The two important trends that appear in the above picture. When the net worth of US net energy output is higher than 30:1, that is, before the 1970s, the public debt of the United States did not increase significantly. However, after 1970, as net net energy output continued to decline, public debt experienced explosive growth.

The two important trends that appear in the above picture. When the net worth of US net energy output is higher than 30:1, that is, before the 1970s, the public debt of the United States did not increase significantly. However, after 1970, as net net energy output continued to decline, public debt experienced explosive growth.

In short, the question raised by the Hills Group's research is whether the reason for the explosive growth of government debt since 1970 is the lack of incentives for central bankers to compensate for the net energy surplus driving GDP growth. In fact, they have shifted from a tired energy-driven economic growth model to a new debt-driven growth model.

From a 1973 net surplus of nearly 40 gigajoules (GJ) to the peak level of 2012, large oil companies have consumed more energy in the oil processing process than the output of the global industrial world. Nowadays, the per capita net energy is less than 4GJ, and it is still falling rapidly.

Is this analysis by Hill's Group too simple to attribute the material prosperity of the early Western countries to the large-scale discovery of cheap oil, and the subsequent erratic growth to the net energy decline that can be used for GDP growth? Is the world economy because of the oil companies? Oil processing consumes more energy than it produces and is in trouble. This may be the case. This is a controversial point, but analysts have also found conclusive evidence in dollar terms that supports Hill's Group's inference.

What does the above picture mean? The business models of the three major US oil companies did not look so good – energy costs are economic costs. In 2016, the US Energy Department used 86% of its operating income to pay interest. The oil is not exhausted. The Hills Group did not say that oil was exhausted. The opposite is true. What they say is that the surplus energy produced by people is not enough to sustain energy-driven modernization. Its analysis report implies that our abundance is a one-off.

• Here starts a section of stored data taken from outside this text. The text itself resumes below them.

lemma has_real_derivative_arccos_cos_ratio:
  assumes "0 < a" "a < t" "t < pi - a"
  shows "((\<lambda>t. arccos (cos t / cos a)) has_real_derivative
           sin t / sqrt ((sin t)^2 - (sin a)^2)) (at t)"
proof -
  have cos_a: "0 < cos a" using assms by (intro cos_gt_zero_pi) auto
  have "\<bar>cos t\<bar> < cos a" using assms by (intro abs_cos_less_cos) auto
  then have "-1 < cos t / cos a" "cos t / cos a < 1"
    using cos_a by (auto simp: field_simps abs_less_iff)
  moreover have "((\<lambda>t. cos t / cos a) has_real_derivative - sin t / cos a) (at t)"
    using DERIV_cdivide[OF DERIV_cos] by simp
  ultimately have "((\<lambda>t. arccos (cos t / cos a)) has_real_derivative
          inverse (- sqrt (1 - (cos t / cos a)^2)) * (- sin t / cos a)) (at t)"
    by (rule DERIV_chain2[OF DERIV_arccos])
  then show ?thesis
    unfolding sqrt_one_minus_cos_ratio[OF cos_a]
    by (rule DERIV_cong) (use cos_a in \<open>simp add: field_simps\<close>)
qed

lemma Phi_reduced_has_real_derivative:
  assumes "0 < th" "th < t" "t < pi - th"
  shows "(Phi_reduced th K has_real_derivative
           (sin th)^2 * tan_gap K t / ((sin t)^2 * sqrt ((sin t)^2 - (sin th)^2))) (at t)"
proof -
  define R where "R = sqrt ((sin t)^2 - (sin th)^2)"
  have sin_t: "0 < sin t" using assms by (intro sin_gt_zero) auto
  have "0 < R" unfolding R_def
    using sin_less_sin[OF assms] sin_gt_zero[of th] assms by (simp add: power_strict_mono)
  have d_lin: "((\<lambda>t. - (t + K)) has_real_derivative -1) (at t)"
    by (rule derivative_eq_intros refl | simp)+
  have "(Phi_reduced th K has_real_derivative
          -1 * sqrt (1 - (sin th)^2 / (sin t)^2)
            + (sin th)^2 * cos t / ((sin t)^2 * R) * - (t + K) + 0 + sin t / R) (at t)"
    unfolding Phi_reduced_def[abs_def] R_def
    by (rule DERIV_add[OF DERIV_add[OF DERIV_mult[OF d_lin] DERIV_const]]
        has_real_derivative_sqrt_one_minus_sin_ratio[OF assms]
        has_real_derivative_arccos_cos_ratio[OF assms])+
  moreover have "-1 * sqrt (1 - (sin th)^2 / (sin t)^2)
            + (sin th)^2 * cos t / ((sin t)^2 * R) * - (t + K) + 0 + sin t / R
      = (sin th)^2 * tan_gap K t / ((sin t)^2 * R)"
  proof -
    have "R^2 = (sin t)^2 - (sin th)^2" using \<open>0 < R\<close> unfolding R_def by simp
    then show ?thesis
      unfolding sqrt_one_minus_sin_ratio[OF sin_t] R_def[symmetric] using sin_t \<open>0 < R\<close>
      by (simp add: tan_gap_def field_simps power2_eq_square) algebra
  qed
  ultimately show ?thesis unfolding R_def by simp
qed

lemma Phi_reduced_derivative_sign:
  assumes "0 < th" "th < t" "t < pi - th"
  obtains q where "0 < q" "(Phi_reduced th K has_real_derivative tan_gap K t * q) (at t)"
proof
  define q where "q = (sin th)^2 / ((sin t)^2 * sqrt ((sin t)^2 - (sin th)^2))"
  have "0 < sin th" "sin th < sin t" using assms by (auto intro: sin_gt_zero sin_less_sin)
  then show "0 < q" unfolding q_def by (simp add: power_strict_mono)
  show "(Phi_reduced th K has_real_derivative tan_gap K t * q) (at t)"
    using Phi_reduced_has_real_derivative[OF assms, of K] by (simp add: q_def mult.commute)
qed

lemma continuous_on_Phi_reduced:
  assumes "0 < th" "th < pi/2"
  shows "continuous_on {th..pi - th} (Phi_reduced th K)"
proof -
  have cos_th: "0 < cos th" using assms by (intro cos_gt_zero_pi) auto
  have "sin t \<noteq> 0 \<and> -1 \<le> cos t / cos th \<and> cos t / cos th \<le> 1" if "t \<in> {th..pi - th}" for t
  proof -
    have "0 < sin t" using that assms by (intro sin_gt_zero) auto
    moreover have "\<bar>cos t\<bar> \<le> cos th" using that assms by (intro abs_cos_le_cos) auto
    ultimately show ?thesis using cos_th by (auto simp: field_simps abs_le_iff)
  qed
  then show ?thesis unfolding Phi_reduced_def
    by (intro continuous_intros continuous_on_arccos) (use cos_th in auto)
qed

lemma Phi_reduced_left_endpoint:
  assumes "0 < th" "th < pi/2"
  shows "Phi_reduced th K th = K"
  using assms sin_gt_zero[of th] cos_gt_zero_pi[of th] by (simp add: Phi_reduced_def)

lemma Phi_reduced_right_endpoint:
  assumes "0 < th" "th < pi/2"
  shows "Phi_reduced th K (pi - th) = K + pi"
  using assms sin_gt_zero[of th] cos_gt_zero_pi[of th] by (simp add: Phi_reduced_def)

lemma Phi_reduced_strict_mono:
  assumes "0 < th" "th < pi/2" "0 \<le> K" "tan_gap K t0 = 0" "0 \<le> t0"
    and "t0 \<le> a" "th \<le> a" "a < b" "b \<le> pi - th"
  shows "Phi_reduced th K a < Phi_reduced th K b"
proof (rule DERIV_pos_imp_increasing_open[OF \<open>a < b\<close>])
  fix x assume x: "a < x" "x < b"
  have "0 < tan_gap K x" using tan_gap_strict_mono[of K t0 x] assms x by auto
  moreover obtain q where "0 < q" "(Phi_reduced th K has_real_derivative tan_gap K x * q) (at x)"
    using Phi_reduced_derivative_sign[of th x] x assms by auto
  ultimately show "\<exists>y. (Phi_reduced th K has_real_derivative y) (at x) \<and> 0 < y"
    by (auto intro!: mult_pos_pos)
next
  show "continuous_on {a..b} (Phi_reduced th K)"
    using assms by (auto intro: continuous_on_subset[OF continuous_on_Phi_reduced])
qed

lemma Phi_reduced_strict_antimono:
  assumes "0 < th" "th < pi/2" "0 \<le> K" "tan_gap K t0 = 0" "t0 < pi/2"
    and "th \<le> a" "a < b" "b \<le> t0"
  shows "Phi_reduced th K b < Phi_reduced th K a"
proof (rule DERIV_neg_imp_decreasing_open[OF \<open>a < b\<close>])
  fix x assume x: "a < x" "x < b"
  have "tan_gap K x < 0" using tan_gap_strict_mono[of K x t0] assms x by auto
  moreover obtain q where "0 < q" "(Phi_reduced th K has_real_derivative tan_gap K x * q) (at x)"
    using Phi_reduced_derivative_sign[of th x] x assms by auto
  ultimately show "\<exists>y. (Phi_reduced th K has_real_derivative y) (at x) \<and> y < 0"
    by (auto simp: mult_neg_pos)
next
  show "continuous_on {a..b} (Phi_reduced th K)"
    using assms by (auto intro: continuous_on_subset[OF continuous_on_Phi_reduced])
qed

lemma Phi_reduced_nonneg_at_root:
  assumes "0 < th" "tan_gap K t0 = 0" "th < t0" "t0 < pi/2"
  shows "0 \<le> Phi_reduced th K t0"
proof -
  define R where "R = sqrt ((sin t0)^2 - (sin th)^2)"
  define \<alpha> where "\<alpha> = arccos (cos t0 / cos th)"
  have cos_th: "0 < cos th" "cos th < 1"
    using assms by (auto intro: cos_gt_zero_pi cos_monotone_0_pi[of 0 th, simplified])
  have cos_t0: "0 < cos t0" "cos t0 < cos th"
    using assms by (auto intro: cos_gt_zero_pi cos_monotone_0_pi)
  have sin_t0: "0 < sin t0" using assms by (intro sin_gt_zero) auto
  have ratio: "0 < cos t0 / cos th" "cos t0 / cos th < 1" "cos t0 < cos t0 / cos th"
    using cos_th cos_t0 by (auto simp: field_simps)
  have "0 \<le> \<alpha>" using ratio unfolding \<alpha>_def by (intro arccos_lbound) auto
  have "\<alpha> < arccos (cos t0)"
    using ratio cos_t0 unfolding \<alpha>_def by (intro arccos_less_arccos) auto
  then have "\<alpha> < t0" using assms by (simp add: arccos_cos)
  have "cos \<alpha> = cos t0 / cos th" using ratio unfolding \<alpha>_def by (simp add: cos_arccos)
  moreover have "sin \<alpha> = R / cos th"
    using ratio unfolding \<alpha>_def R_def sqrt_one_minus_cos_ratio[OF cos_th(1), symmetric]
    by (simp add: sin_arccos)
  ultimately have tan_\<alpha>: "tan \<alpha> = R / cos t0"
    using cos_th by (simp add: tan_def)
  have tan_t0: "tan t0 = t0 + K"
    using assms(2) cos_t0 by (simp add: tan_def tan_gap_def field_simps)
  have "(t0 + K) * (R / sin t0) = tan \<alpha>"
    unfolding tan_t0[symmetric] tan_\<alpha> using sin_t0 by (simp add: tan_def)
  then have "Phi_reduced th K t0 = K + \<alpha> - tan \<alpha>"
    unfolding Phi_reduced_def sqrt_one_minus_sin_ratio[OF sin_t0] R_def[symmetric] \<alpha>_def[symmetric]
    by (simp only: mult_minus_left)
  moreover have "tan \<alpha> - \<alpha> < tan t0 - t0"
    using \<open>0 \<le> \<alpha>\<close> \<open>\<alpha> < t0\<close> assms by (intro tan_minus_self_strict_mono)
  ultimately show ?thesis using tan_t0 by simp
qed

What does the above picture mean? The three major US oil companies do not look so good – energy costs are economic costs. In 2016, the US Energy Department used 86% of its operating income to pay interest. The oil is not exhausted. The Hills Group did not say that oil was exhausted. The opposite is true. What they say is that the surplus energy produced by people is not enough to sustain energy-driven modernization. Its analysis report implies that our abundance is a one-off.

They also point out that this means that as modernization moves into a tougher energy-saving period, the dollar can buy less surplus energy, so that it is not enough to sustain growth engine operations, when global demand for oil will fall, oil prices It will also decline, which is very different from the expected increase in oil demand in the mainstream analysis. This is a vicious circle. If this view is correct, then an important balance will be tilted. Soon people may spend higher energy costs to maintain a modern economy that is over-reliant on fossil energy. In addition to controlling the entire Persian Gulf, Trump and European countries will be helpless. It may be too late to switch to renewable energy.

The true intention of Canada to short all gold reserves is only known to the authorities, and whether this is wise, we only leave the answer to time.